Worldwide Prevalence of Familial Hypercholesterolemia: Meta-Analyses of 11 Million Subjects
Sabina O Beheshti, Christian M Madsen, Børge G Nordestgaard · Systematic review and meta-analysis
BlueRipple Assessment
Familial hypercholesterolemia — the inherited condition that keeps LDL cholesterol dangerously high from birth — was long taught as affecting about 1 in 500 people. This meta-analysis of more than 11 million subjects revises that figure and sharpens the case for finding these patients.
In the general population, FH turns out to be commoner than thought: roughly 1 in 313. But the more useful numbers come from concentrating the search. Among people with ischemic heart disease, FH prevalence is 10-fold higher; among those with premature heart disease, 20-fold; among those with severe hypercholesterolemia (LDL ≥190), 23-fold. In other words, the highest-yield places to look for FH are exactly the clinics already seeing high-risk patients.

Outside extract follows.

(* Let $V=\Sigma^aH(b)$ and $W=\Sigma^sH(t)$ be representation cells (so $0\le b\le a$ and $0\le t\le s$) with $a\geq s$, and with $b\geq t$ in case $a=s$. Then for any map $f\colon\Sigma^{-1}V\to W$ in $\mathcal D(\underline{\mathbb Z/2})$, exactly one of the following holds: (1) $\mathrm{tp}(\Sigma^{-1}V)=\mathrm{tp}(W)$ and $\mathrm{cowt}(\Sigma^{-1}V)=\mathrm{cowt}(W)$ (so $\Sigma^{-1}V=W$) and $f$ is homotopic to the identity; (2) $\mathrm{tp}(\Sigma^{-1}V)=\mathrm{tp}(W)$ and $\mathrm{cowt}(\Sigma^{-1}V)>\mathrm{cowt}(W)$, and $f$ is homotopic to the chain map which is the identity $F\to F$ in each degree where $\Sigma^{-1}V$ has an $F$, and is $p\colon H\to F$ in degree $\mathrm{cowt}(\Sigma^{-1}V)$; (3) $\mathrm{tp}(\Sigma^{-1}V)\ge\mathrm{tp}(W)$ and $\mathrm{cowt}(\Sigma^{-1}V)\le\mathrm{cowt}(W)-2$, and $f$ is homotopic to the chain map which is $u\colon F\to F$ in degree $\mathrm{tp}(W)$ and zero in all other degrees; (4) $f$ is null-homotopic.
   Context: A $\underline{\mathbb Z/2}$-module is a pair of $\mathbb F_2$-vector spaces $M_\Theta,M_\bullet$ with maps $t\colon M_\Theta\to M_\Theta$, $p^*\colon M_\bullet\to M_\Theta$, $p_*\colon M_\Theta\to M_\bullet$ with $tp^*=p^*$, $p_*t=p_*$, $t^2=1$, $p^*p_*=1+t$, $p_*p^*=0$. $H$: both spaces $\mathbb F_2$, $t=p^*=\mathrm{id}$, $p_*=0$. $F$: $F_\Theta=\mathbb F_2^2$, $t$ the swap, $F_\bullet=\mathbb F_2$, $p_*(x,y)=x+y$, $p^*(z)=(z,z)$. $p\colon F\to H$ and $p\colon H\to F$ are the unique nonzero maps; $u=1+t\colon F\to F$. Homological grading, $(\Sigma C)_i=C_{i-1}$. $H(0)=H$ in degree $0$; for $q>0$, $H(q)$ is $F\xrightarrow{u}\cdots\xrightarrow{u}F\xrightarrow{p}H$ with $F$ in degrees $0,\dots,-(q-1)$ and $H$ in degree $-q$. A representation cell is a complex $\Sigma^mH(q)$ with $0\le q\le m$; for such a complex (and its desuspensions $\Sigma^{m-1}H(q)$, treated the same way) the topological dimension $\mathrm{tp}$ is the degree of its top $F$ (namely $m$ for $\Sigma^mH(q)$), the weight is $q$, and the coweight $\mathrm{cowt}$ is the degree $m-q$ of its bottom $H$. $\mathcal D(\underline{\mathbb Z/2})$ is the derived category; "homotopic" means equal in $\mathcal D(\underline{\mathbb Z/2})$ (equivalently chain homotopic, as these complexes are bounded complexes of projectives). *)

theory Defs
  imports "HOL-Library.Z2" "Jordan_Normal_Form.Matrix"
begin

That is the practical payoff: rather than screen everyone, screen smartly. A young heart-attack patient or anyone with a very high LDL deserves an FH workup and cascade testing of relatives. The study also notes a sobering gap — 91 percent of countries have no prevalence data at all.
We rate the evidence strong. It is a rigorous, enormous meta-analysis that both updates a long-quoted statistic and points to where targeted screening will catch the most undiagnosed disease.
The original source
Beheshti SO, Madsen CM, Varbo A, Nordestgaard BG. Worldwide Prevalence of Familial Hypercholesterolemia: Meta-Analyses of 11 Million Subjects. J Am Coll Cardiol. 2020 May 26;75(20):2553-2566. doi: 10.1016/j.jacc.2020.03.057.